From the data below, return each line in which the string "entropic" is found.

Collected data
□ □ □ □
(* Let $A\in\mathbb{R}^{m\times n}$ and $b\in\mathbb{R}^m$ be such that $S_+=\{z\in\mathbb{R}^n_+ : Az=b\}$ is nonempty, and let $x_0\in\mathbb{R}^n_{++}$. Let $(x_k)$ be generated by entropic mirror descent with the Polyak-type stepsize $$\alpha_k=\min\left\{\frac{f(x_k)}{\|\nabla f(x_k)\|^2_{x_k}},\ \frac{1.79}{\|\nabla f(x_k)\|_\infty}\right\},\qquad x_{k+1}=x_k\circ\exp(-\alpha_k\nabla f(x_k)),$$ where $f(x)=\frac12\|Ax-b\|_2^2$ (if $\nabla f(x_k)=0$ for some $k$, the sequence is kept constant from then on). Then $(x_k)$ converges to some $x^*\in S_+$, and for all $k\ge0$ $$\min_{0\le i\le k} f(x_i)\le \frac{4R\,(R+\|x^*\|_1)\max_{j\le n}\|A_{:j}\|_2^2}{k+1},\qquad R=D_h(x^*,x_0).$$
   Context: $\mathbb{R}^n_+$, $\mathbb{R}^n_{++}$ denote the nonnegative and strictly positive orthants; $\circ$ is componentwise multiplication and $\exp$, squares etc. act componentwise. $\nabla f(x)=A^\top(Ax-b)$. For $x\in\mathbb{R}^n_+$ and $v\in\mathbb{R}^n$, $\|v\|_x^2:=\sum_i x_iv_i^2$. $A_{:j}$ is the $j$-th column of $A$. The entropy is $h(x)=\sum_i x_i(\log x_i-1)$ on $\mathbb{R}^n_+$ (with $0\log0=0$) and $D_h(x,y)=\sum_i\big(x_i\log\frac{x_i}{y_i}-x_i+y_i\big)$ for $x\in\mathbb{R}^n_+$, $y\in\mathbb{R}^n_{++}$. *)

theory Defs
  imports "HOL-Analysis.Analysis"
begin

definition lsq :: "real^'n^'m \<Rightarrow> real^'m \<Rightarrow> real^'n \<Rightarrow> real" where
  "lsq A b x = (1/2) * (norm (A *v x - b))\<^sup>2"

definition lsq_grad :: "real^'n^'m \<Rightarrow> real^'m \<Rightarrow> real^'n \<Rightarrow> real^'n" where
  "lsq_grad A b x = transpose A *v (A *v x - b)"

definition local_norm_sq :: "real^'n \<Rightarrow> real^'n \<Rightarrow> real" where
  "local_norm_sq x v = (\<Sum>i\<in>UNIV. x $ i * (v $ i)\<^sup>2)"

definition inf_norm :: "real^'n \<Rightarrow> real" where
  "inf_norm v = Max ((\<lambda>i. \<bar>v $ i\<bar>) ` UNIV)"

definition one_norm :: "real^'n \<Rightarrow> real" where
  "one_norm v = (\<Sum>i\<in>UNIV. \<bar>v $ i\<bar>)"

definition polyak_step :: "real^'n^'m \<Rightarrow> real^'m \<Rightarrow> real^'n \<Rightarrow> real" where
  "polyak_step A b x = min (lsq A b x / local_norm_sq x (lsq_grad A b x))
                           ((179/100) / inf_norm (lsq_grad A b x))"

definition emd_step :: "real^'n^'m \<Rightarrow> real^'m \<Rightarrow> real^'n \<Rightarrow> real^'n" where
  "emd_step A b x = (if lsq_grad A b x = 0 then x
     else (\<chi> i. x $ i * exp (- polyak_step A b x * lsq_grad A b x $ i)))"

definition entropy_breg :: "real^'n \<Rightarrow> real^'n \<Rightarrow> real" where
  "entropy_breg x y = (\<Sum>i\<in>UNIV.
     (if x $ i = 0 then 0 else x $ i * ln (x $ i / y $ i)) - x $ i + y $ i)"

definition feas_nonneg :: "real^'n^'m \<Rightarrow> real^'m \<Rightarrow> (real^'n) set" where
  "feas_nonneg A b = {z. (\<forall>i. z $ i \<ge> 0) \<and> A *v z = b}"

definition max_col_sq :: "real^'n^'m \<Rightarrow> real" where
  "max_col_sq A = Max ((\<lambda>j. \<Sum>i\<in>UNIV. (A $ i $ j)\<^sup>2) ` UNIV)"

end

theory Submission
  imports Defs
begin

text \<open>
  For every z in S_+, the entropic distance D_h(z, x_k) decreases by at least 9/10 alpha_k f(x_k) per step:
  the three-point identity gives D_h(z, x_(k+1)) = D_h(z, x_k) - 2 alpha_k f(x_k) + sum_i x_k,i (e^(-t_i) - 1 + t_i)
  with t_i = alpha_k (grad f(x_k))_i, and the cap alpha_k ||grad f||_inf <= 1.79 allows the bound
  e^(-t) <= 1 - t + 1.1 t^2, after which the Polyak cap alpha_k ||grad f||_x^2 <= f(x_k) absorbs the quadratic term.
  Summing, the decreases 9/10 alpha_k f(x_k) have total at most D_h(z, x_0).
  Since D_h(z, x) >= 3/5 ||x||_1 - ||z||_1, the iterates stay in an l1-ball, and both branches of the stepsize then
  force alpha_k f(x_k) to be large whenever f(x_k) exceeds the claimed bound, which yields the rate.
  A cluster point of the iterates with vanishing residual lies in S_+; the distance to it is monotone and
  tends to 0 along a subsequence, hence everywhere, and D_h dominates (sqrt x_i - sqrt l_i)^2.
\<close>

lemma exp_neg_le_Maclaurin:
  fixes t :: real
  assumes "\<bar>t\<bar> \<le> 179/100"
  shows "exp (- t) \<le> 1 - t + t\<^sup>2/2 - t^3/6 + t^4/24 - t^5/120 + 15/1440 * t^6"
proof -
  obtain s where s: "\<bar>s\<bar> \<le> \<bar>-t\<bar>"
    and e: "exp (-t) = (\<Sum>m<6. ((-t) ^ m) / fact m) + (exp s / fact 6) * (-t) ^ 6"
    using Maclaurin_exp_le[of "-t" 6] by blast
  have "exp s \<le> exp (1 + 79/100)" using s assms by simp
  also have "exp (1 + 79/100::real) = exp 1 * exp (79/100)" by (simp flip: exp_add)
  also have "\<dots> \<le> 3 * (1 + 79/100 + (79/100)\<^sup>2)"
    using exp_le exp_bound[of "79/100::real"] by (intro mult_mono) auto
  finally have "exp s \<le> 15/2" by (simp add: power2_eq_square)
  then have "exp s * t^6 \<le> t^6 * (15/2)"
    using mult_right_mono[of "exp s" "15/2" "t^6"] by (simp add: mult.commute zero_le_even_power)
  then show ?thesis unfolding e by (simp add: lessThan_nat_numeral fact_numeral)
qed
□ □ □ □
> **Solution for this problem**
(* Let $A\in\mathbb{R}^{m\times n}$ and $b\in\mathbb{R}^m$ be such that $S_+=\{z\in\mathbb{R}^n_+ : Az=b\}$ is nonempty, and let $x_0\in\mathbb{R}^n_{++}$. Let $(x_k)$ be generated by entropic mirror descent with the Polyak-type stepsize $$\alpha_k=\min\left\{\frac{f(x_k)}{\|\nabla f(x_k)\|^2_{x_k}},\ \frac{1.79}{\|\nabla f(x_k)\|_\infty}\right\},\qquad x_{k+1}=x_k\circ\exp(-\alpha_k\nabla f(x_k)),$$ where $f(x)=\frac12\|Ax-b\|_2^2$ (if $\nabla f(x_k)=0$ for some $k$, the sequence is kept constant from then on). Then $(x_k)$ converges to some $x^*\in S_+$, and for all $k\ge0$ $$\min_{0\le i\le k} f(x_i)\le \frac{4R\,(R+\|x^*\|_1)\max_{j\le n}\|A_{:j}\|_2^2}{k+1},\qquad R=D_h(x^*,x_0).$$
  For every z in S_+, the entropic distance D_h(z, x_k) decreases by at least 9/10 alpha_k f(x_k) per step:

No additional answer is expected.